lemma powr_of_real_differentiable:
  fixes \<Delta> :: "real \<Rightarrow> real"
  assumes "\<Delta> differentiable (at x)" "\<Delta> x > 0"
  shows "(\<lambda>r. of_real (\<Delta> r powr c) :: 'a::real_normed_algebra_1) differentiable (at x)"
proof -
  have "(\<Delta> has_real_derivative vd \<Delta> x) (at x)"
    using vd_has_vector_derivative[OF assms(1)] has_real_derivative_iff_has_vector_derivative
    by blast
  from DERIV_powr[OF this assms(2) DERIV_const[of c]]
  have "((\<lambda>r. \<Delta> r powr c) has_real_derivative
          \<Delta> x powr c * (0 * ln (\<Delta> x) + vd \<Delta> x * c / \<Delta> x)) (at x)" .
  from has_vector_derivative_of_real[OF this] show ?thesis
    by (rule differentiableI_vector)
qed

lemma of_real_powr_cancel:
  fixes d :: real
  assumes "d > 0"
  shows "(of_real (d powr (-h)) :: 'a::real_normed_algebra_1) * of_real (d powr h) = 1"
    and "(of_real (d powr (-h)) :: 'a) * of_real (d powr (h + 1)) = of_real d"
  using assms by (simp_all flip: of_real_mult add: powr_add[symmetric])

text \<open>Inverting the linear map (R, R') \<mapsto> (chi, chi'): its determinant is \<gamma>.\<close>

lemma darboux_inversion:
  fixes \<alpha> \<beta> A B D R R' chi chi' \<gamma> :: "'a::comm_ring"
  assumes "chi = \<alpha> * R + \<beta> * (D * R')" "chi' = B * R + A * R'" "\<gamma> = \<alpha> * A - \<beta> * D * B"
  shows "\<gamma> * R = A * chi - \<beta> * D * chi'" and "\<gamma> * R' = - B * chi + \<alpha> * chi'"
  unfolding assms by (simp_all add: algebra_simps)

text \<open>Eliminating R and R' from the derivative of the identity \<gamma> R = A chi - \<beta> G,
  where G = D chi' is the flux of chi.\<close>

lemma darboux_elimination:
  fixes \<alpha> \<alpha>' \<beta> \<beta>' A A' B D W R R' chi chi' G G' \<gamma> \<gamma>' du :: "'a::field"
  assumes "\<beta> \<noteq> 0" "\<gamma> \<noteq> 0"
    and "\<gamma> * R = A * chi - \<beta> * G" "\<gamma> * R' = - B * chi + \<alpha> * chi'"
    and derivative: "\<gamma>' * R + \<gamma> * R' = A' * chi + A * chi' - (\<beta>' * G + \<beta> * G')"
    and "G = D * chi'" "A = \<alpha> + \<beta>' * D" "B = \<alpha>' + \<beta> * W" "du = \<alpha>' + A'"
  shows "G' = \<gamma>' / \<gamma> * D * chi' + (W + (du - \<gamma>' / \<gamma> * A) / \<beta>) * chi"
proof -
  have "\<gamma> * \<beta> * G' = \<gamma> * (A' * chi + A * chi' - \<beta>' * G) - \<gamma>' * (\<gamma> * R) - \<gamma> * (\<gamma> * R')"
    using derivative by algebra
  also have "\<dots> = \<gamma> * \<beta> * (\<gamma>' / \<gamma> * D * chi' + (W + (du - \<gamma>' / \<gamma> * A) / \<beta>) * chi)"
    using assms by (simp add: field_simps) algebra
  finally show ?thesis using assms(1,2) by simp
qed

locale sturm_liouville =
  fixes I :: "real set" and D W R :: "real \<Rightarrow> 'a::real_normed_field"
  assumes open_I: "open I"
    and D_diff: "\<And>y. y \<in> I \<Longrightarrow> D differentiable (at y)"
    and W_diff: "\<And>y. y \<in> I \<Longrightarrow> W differentiable (at y)"
    and R_diff: "\<And>y. y \<in> I \<Longrightarrow> R differentiable (at y)"
    and flux_diff: "\<And>y. y \<in> I \<Longrightarrow> (\<lambda>r. D r * vd R r) differentiable (at y)"
    and flux_eq: "\<And>y. y \<in> I \<Longrightarrow> vd (\<lambda>r. D r * vd R r) y = W y * R y"

locale darboux_transformation = sturm_liouville I D W R
    for I and D W R :: "real \<Rightarrow> 'a::real_normed_field" +
  fixes \<alpha> \<beta> :: "real \<Rightarrow> 'a"
  assumes \<alpha>_diff: "\<And>y. y \<in> I \<Longrightarrow> \<alpha> differentiable (at y) \<and> vd \<alpha> differentiable (at y)"
    and \<beta>_diff: "\<And>y. y \<in> I \<Longrightarrow> \<beta> differentiable (at y) \<and> vd \<beta> differentiable (at y)"
begin

definition A :: "real \<Rightarrow> 'a" where "A r = \<alpha> r + vd \<beta> r * D r"
definition B :: "real \<Rightarrow> 'a" where "B r = vd \<alpha> r + \<beta> r * W r"
definition \<gamma> :: "real \<Rightarrow> 'a" where "\<gamma> r = \<alpha> r * A r - \<beta> r * D r * B r"
definition chi :: "real \<Rightarrow> 'a" where "chi r = \<alpha> r * R r + \<beta> r * (D r * vd R r)"

lemma derived_differentiable:
  assumes "y \<in> I"
  shows A_diff: "A differentiable (at y)" and B_diff: "B differentiable (at y)"
    and \<gamma>_diff: "\<gamma> differentiable (at y)" and chi_diff: "chi differentiable (at y)"
proof -
  note basic = \<alpha>_diff[OF assms] \<beta>_diff[OF assms] D_diff[OF assms] W_diff[OF assms]
    R_diff[OF assms] flux_diff[OF assms]
  show A: "A differentiable (at y)" and B: "B differentiable (at y)"
    using basic by (simp_all add: A_def[abs_def] B_def[abs_def])
  show "\<gamma> differentiable (at y)"
    using A B basic by (simp add: \<gamma>_def[abs_def])
  show "chi differentiable (at y)"
    using basic by (simp add: chi_def[abs_def])
qed

lemma chi_derivative:
  assumes "y \<in> I"
  shows "vd chi y = B y * R y + A y * vd R y"
proof -
  have "vd chi y = \<alpha> y * vd R y + vd \<alpha> y * R y + (\<beta> y * (W y * R y) + vd \<beta> y * (D y * vd R y))"
    using \<alpha>_diff \<beta>_diff R_diff flux_diff flux_eq assms
    unfolding chi_def[abs_def] by (simp add: vd_add vd_mult)
  then show ?thesis by (simp add: A_def B_def algebra_simps)
qed

lemma R_from_chi:
  assumes "y \<in> I"
  shows "\<gamma> y * R y = A y * chi y - \<beta> y * D y * vd chi y"
    and "\<gamma> y * vd R y = - B y * chi y + \<alpha> y * vd chi y"
  using darboux_inversion[OF chi_def chi_derivative[OF assms] \<gamma>_def] .

text \<open>The flux D chi' agrees on I with a manifestly differentiable expression.\<close>

lemma flux_chi_diff:
  assumes "y \<in> I"
  shows "(\<lambda>r. D r * vd chi r) differentiable (at y)"
proof (rule differentiable_cong_open[OF _ open_I assms])
  show "(\<lambda>r. D r * B r * R r + A r * (D r * vd R r)) differentiable (at y)"
    using A_diff B_diff D_diff R_diff flux_diff assms by auto
  show "D r * B r * R r + A r * (D r * vd R r) = D r * vd chi r" if "r \<in> I" for r
    unfolding chi_derivative[OF that] by (simp add: algebra_simps)
qed

lemma chi_equation:
  assumes x: "x \<in> I" and "\<beta> x \<noteq> 0" "\<gamma> x \<noteq> 0"
  shows "vd (\<lambda>r. D r * vd chi r) x
           = vd \<gamma> x / \<gamma> x * D x * vd chi x
             + (W x + (vd (\<lambda>s. 2 * \<alpha> s + vd \<beta> s * D s) x - vd \<gamma> x / \<gamma> x * A x) / \<beta> x) * chi x"
proof -
  define G where "G = (\<lambda>r. D r * vd chi r)"
  have G_diff: "G differentiable (at x)"
    using flux_chi_diff[OF x] by (simp add: G_def)
  have inverse: "\<gamma> y * R y = A y * chi y - \<beta> y * G y" if "y \<in> I" for y
    using R_from_chi(1)[OF that] by (simp add: G_def mult.assoc)
  have "vd (\<lambda>r. \<gamma> r * R r) x = vd (\<lambda>r. A r * chi r - \<beta> r * G r) x"
    by (rule vd_cong_open[OF open_I x]) (rule inverse)
  then have derivative:
      "vd \<gamma> x * R x + \<gamma> x * vd R x = vd A x * chi x + A x * vd chi x - (vd \<beta> x * G x + \<beta> x * vd G x)"
    using \<gamma>_diff[OF x] R_diff[OF x] A_diff[OF x] chi_diff[OF x] \<beta>_diff[OF x] G_diff
    by (simp add: vd_mult vd_diff algebra_simps)
  have "vd (\<lambda>s. 2 * \<alpha> s + vd \<beta> s * D s) x = 2 * vd \<alpha> x + vd (\<lambda>s. vd \<beta> s * D s) x"
    and "vd A x = vd \<alpha> x + vd (\<lambda>s. vd \<beta> s * D s) x"
    using \<alpha>_diff[OF x] \<beta>_diff[OF x] D_diff[OF x] unfolding A_def[abs_def]
    by (simp_all add: vd_add vd_cmult)
  then have "vd (\<lambda>s. 2 * \<alpha> s + vd \<beta> s * D s) x = vd \<alpha> x + vd A x"
    by simp
  from darboux_elimination[OF assms(2,3) inverse[OF x] R_from_chi(2)[OF x] derivative _ A_def B_def this]
  show ?thesis
    by (simp add: G_def)
qed

text \<open>The same equation multiplied by an arbitrary factor E; for the main theorem
  E = \<Delta>^(-h), which turns D into \<Delta> and W into V.\<close>

lemma chi_equation_scaled:
  assumes "x \<in> I" "\<beta> x \<noteq> 0" "\<gamma> x \<noteq> 0"
  shows "E * vd (\<lambda>r. D r * vd chi r) x - E * D x * (vd \<gamma> x / \<gamma> x) * vd chi x
           - (E * W x + E * ((vd (\<lambda>s. 2 * \<alpha> s + vd \<beta> s * D s) x - vd \<gamma> x / \<gamma> x * A x) / \<beta> x))
             * chi x = 0"
  unfolding chi_equation[OF assms] by (simp add: algebra_simps)

end

lemma darboux_transformation_powr:
  fixes \<Delta> :: "real \<Rightarrow> real" and V \<alpha> \<beta> R :: "real \<Rightarrow> complex"
  assumes "open I" and \<Delta>_pos: "\<forall>x\<in>I. \<Delta> x > 0" and \<Delta>_smooth: "smooth_on I \<Delta>"
    and V_smooth: "smooth_on I V" and "smooth_on I \<alpha>" "smooth_on I \<beta>" and "C2_on I R"
    and ode: "\<forall>x\<in>I. complex_of_real (\<Delta> x powr (-h))
                 * vd (\<lambda>r. complex_of_real (\<Delta> r powr (h+1)) * vd R r) x = V x * R x"
  shows "darboux_transformation I (\<lambda>r. complex_of_real (\<Delta> r powr (h+1)))
           (\<lambda>r. complex_of_real (\<Delta> r powr h) * V r) R \<alpha> \<beta>"
proof -
  have powr_diff: "(\<lambda>r. complex_of_real (\<Delta> r powr c)) differentiable (at y)" if "y \<in> I" for c y
    using powr_of_real_differentiable smooth_on_differentiable(1)[OF \<Delta>_smooth that]
      \<Delta>_pos that by blast
  have flux_eq: "vd (\<lambda>r. complex_of_real (\<Delta> r powr (h+1)) * vd R r) y
                   = complex_of_real (\<Delta> y powr h) * V y * R y" if "y \<in> I" for y
    using arg_cong[OF ode[rule_format, OF that], of "\<lambda>z. complex_of_real (\<Delta> y powr h) * z"]
      of_real_powr_cancel(1)[OF \<Delta>_pos[rule_format, OF that], of h, where 'a=complex]
    by (simp add: mult.assoc[symmetric] mult.commute[of "complex_of_real (\<Delta> y powr h)"])
  show ?thesis
    using assms(1) powr_diff flux_eq smooth_on_differentiable[OF V_smooth]
      smooth_on_differentiable[OF assms(5)] smooth_on_differentiable[OF assms(6)]
      C2_on_differentiable[OF assms(7)]
    by unfold_locales auto
qed

theorem mainTheorem3:
  fixes I :: "real set" and h :: real and \<Delta> :: "real \<Rightarrow> real"
    and V \<alpha> \<beta> R \<gamma> chi F U :: "real \<Rightarrow> complex"
  assumes I_open: "open I" and I_int: "is_interval I"
    and \<Delta>_pos: "\<forall>x\<in>I. \<Delta> x > 0" and \<Delta>_smooth: "smooth_on I \<Delta>"
    and V_smooth: "smooth_on I V"
    and \<alpha>_smooth: "smooth_on I \<alpha>" and \<beta>_smooth: "smooth_on I \<beta>"
    and \<beta>_nz: "\<forall>x\<in>I. \<beta> x \<noteq> 0"
    and R_C2: "C2_on I R"
    and ode: "\<forall>x\<in>I. complex_of_real (\<Delta> x powr (-h))
                 * vd (\<lambda>r. complex_of_real (\<Delta> r powr (h+1)) * vd R r) x = V x * R x"
    and \<gamma>_def: "\<gamma> = (\<lambda>r. \<alpha> r * (\<alpha> r + vd \<beta> r * complex_of_real (\<Delta> r powr (h+1)))
                 - \<beta> r * complex_of_real (\<Delta> r powr (h+1))
                   * (vd \<alpha> r + \<beta> r * complex_of_real (\<Delta> r powr h) * V r))"
    and \<gamma>_nz: "\<forall>x\<in>I. \<gamma> x \<noteq> 0"
    and chi_def: "chi = (\<lambda>r. \<alpha> r * R r + \<beta> r * complex_of_real (\<Delta> r powr (h+1)) * vd R r)"
    and F_def: "F = (\<lambda>r. vd \<gamma> r / \<gamma> r)"
    and U_def: "U = (\<lambda>r. V r + complex_of_real (\<Delta> r powr (-h)) / \<beta> r
                 * (vd (\<lambda>s. 2 * \<alpha> s + vd \<beta> s * complex_of_real (\<Delta> s powr (h+1))) r
                    - F r * (\<alpha> r + vd \<beta> r * complex_of_real (\<Delta> r powr (h+1)))))"
  shows "(\<forall>x\<in>I. chi differentiable (at x)
           \<and> (\<lambda>r. complex_of_real (\<Delta> r powr (h+1)) * vd chi r) differentiable (at x)
           \<and> complex_of_real (\<Delta> x powr (-h))
               * vd (\<lambda>r. complex_of_real (\<Delta> r powr (h+1)) * vd chi r) x
             - complex_of_real (\<Delta> x) * F x * vd chi x - U x * chi x = 0)
      \<and> (\<forall>x\<in>I. \<gamma> x * R x = (\<alpha> x + vd \<beta> x * complex_of_real (\<Delta> x powr (h+1))) * chi x
                          - \<beta> x * complex_of_real (\<Delta> x powr (h+1)) * vd chi x)
      \<and> (\<forall>x\<in>I. \<gamma> x * vd R x = - (vd \<alpha> x + \<beta> x * complex_of_real (\<Delta> x powr h) * V x) * chi x
                          + \<alpha> x * vd chi x)"
proof -
  interpret T: darboux_transformation I "\<lambda>r. complex_of_real (\<Delta> r powr (h+1))"
      "\<lambda>r. complex_of_real (\<Delta> r powr h) * V r" R \<alpha> \<beta>
    using darboux_transformation_powr[OF I_open \<Delta>_pos \<Delta>_smooth V_smooth \<alpha>_smooth \<beta>_smooth R_C2 ode] .
  have \<gamma>: "\<gamma> = T.\<gamma>" and chi: "chi = T.chi"
    unfolding \<gamma>_def chi_def T.\<gamma>_def[abs_def] T.chi_def[abs_def] T.A_def T.B_def
    by (simp_all add: algebra_simps)
  show ?thesis
  proof (intro conjI ballI)
    fix x assume x: "x \<in> I"
    note cancel = of_real_powr_cancel[OF \<Delta>_pos[rule_format, OF x], where 'a=complex]
    show "chi differentiable (at x)"
      using T.chi_diff[OF x] by (simp add: chi)
    show "(\<lambda>r. complex_of_real (\<Delta> r powr (h+1)) * vd chi r) differentiable (at x)"
      using T.flux_chi_diff[OF x] by (simp add: chi)
    show "complex_of_real (\<Delta> x powr (-h))
            * vd (\<lambda>r. complex_of_real (\<Delta> r powr (h+1)) * vd chi r) x
          - complex_of_real (\<Delta> x) * F x * vd chi x - U x * chi x = 0"
      using T.chi_equation_scaled[OF x \<beta>_nz[rule_format, OF x] \<gamma>_nz[rule_format, OF x, unfolded \<gamma>],
          of "complex_of_real (\<Delta> x powr (-h))"] cancel
      by (simp add: F_def U_def \<gamma> chi T.A_def mult.assoc[symmetric])
    show "\<gamma> x * R x = (\<alpha> x + vd \<beta> x * complex_of_real (\<Delta> x powr (h+1))) * chi x
            - \<beta> x * complex_of_real (\<Delta> x powr (h+1)) * vd chi x"
      using T.R_from_chi(1)[OF x] by (simp add: \<gamma> chi T.A_def)
    show "\<gamma> x * vd R x = - (vd \<alpha> x + \<beta> x * complex_of_real (\<Delta> x powr h) * V x) * chi x
            + \<alpha> x * vd chi x"
      using T.R_from_chi(2)[OF x] by (simp add: \<gamma> chi T.B_def mult.assoc)
  qed
qed
lemma peval_altdef:
  "finite X \<Longrightarrow> peval X a C = (\<Sum>Y\<in>Pow X. a Y * (if Y \<subseteq> C then 1 else 0))"
  unfolding peval_def by (intro sum.cong refl) (auto simp: prod_indicator finite_subset)

lemma peval_eq_sum_Pow: "finite X \<Longrightarrow> C \<subseteq> X \<Longrightarrow> peval X a C = (\<Sum>Y\<in>Pow C. a Y)"
  unfolding peval_altdef by (rule sum.mono_neutral_cong_right) auto

lemma pmult_eq_sum_Pow:
  assumes "finite X" "Z \<subseteq> X"
  shows "pmult a b Z = (\<Sum>Y1\<in>Pow X. \<Sum>Y2\<in>Pow X. if Y1 \<union> Y2 = Z then a Y1 * b Y2 else 0)"
  unfolding pmult_def
proof (rule sum.mono_neutral_cong_left)
  fix Y1 assume "Y1 \<in> Pow Z"
  show "(\<Sum>Y2\<in>Pow Z. if Y1 \<union> Y2 = Z then a Y1 * b Y2 else 0) =
        (\<Sum>Y2\<in>Pow X. if Y1 \<union> Y2 = Z then a Y1 * b Y2 else 0)"
    by (rule sum.mono_neutral_cong_left) (use assms in auto)
qed (use assms in \<open>auto intro!: sum.neutral\<close>)
text \<open>Put y(x) = exp(-ixz) e(x). The Jost integral equation becomes
  y(x) - 1 = \<integral> K(x,t) q(t) y(t) dt over [x, \<infinity>), with K(x,t) = (exp(2i(t - x)z) - 1)/(2iz).
  For Im z \<ge> 0 one has |K(x,t)| \<le> min(t - x, 1/|z|), and monotonicity of a and ahat a turns
  this into |K(x,t)| \<le> ahat a (1/|z|) a(t). Hence v = |y - 1| satisfies
  v(x) \<le> \<integral> \<phi>(t) (1 + v(t)) dt over [x, \<infinity>) with \<phi> = ahat a (1/|z|) a |q|, and a Gronwall
  inequality for tail integrals gives 1 + v(x) \<le> exp (\<integral> \<phi>).

  The tails \<Phi>(t) and S(t) of \<phi> and \<phi> (1 + v) are only continuous, so the Gronwall inequality
  is proved without derivatives: across a piece of [x, \<infinity>) on which \<Phi> drops by \<delta>, 1 + S grows
  at most by the factor 1/(1 - \<delta>). Cutting [x, \<infinity>) into n such pieces with \<delta> = \<Phi>(x)/n gives
  1 + S(x) \<le> (1 - \<Phi>(x)/n) ^ (-n), which tends to exp \<Phi>(x).\<close>

section \<open>Tail integrals on half-lines\<close>

lemma integrable_on_Ici_subintervals:
  fixes f :: "real \<Rightarrow> 'a::euclidean_space"
  assumes f: "f absolutely_integrable_on {x..}" and "x \<le> t"
  shows "f integrable_on {t..}" "f integrable_on {t..s}"
  using assms by (auto intro!: set_lebesgue_integral_eq_integral(1) set_integrable_subset[OF f])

• [Required work] The required output is every line from the one that holds "1 + S(x) \<le>" through the last line of the listing above, retyped exactly and with nothing else.

• [Reply to the task]
  1 + S(x) \<le> (1 - \<Phi>(x)/n) ^ (-n), which tends to exp \<Phi>(x).\<close>

section \<open>Tail integrals on half-lines\<close>

lemma integrable_on_Ici_subintervals:
  fixes f :: "real \<Rightarrow> 'a::euclidean_space"
  assumes f: "f absolutely_integrable_on {x..}" and "x \<le> t"
  shows "f integrable_on {t..}" "f integrable_on {t..s}"
  using assms by (auto intro!: set_lebesgue_integral_eq_integral(1) set_integrable_subset[OF f])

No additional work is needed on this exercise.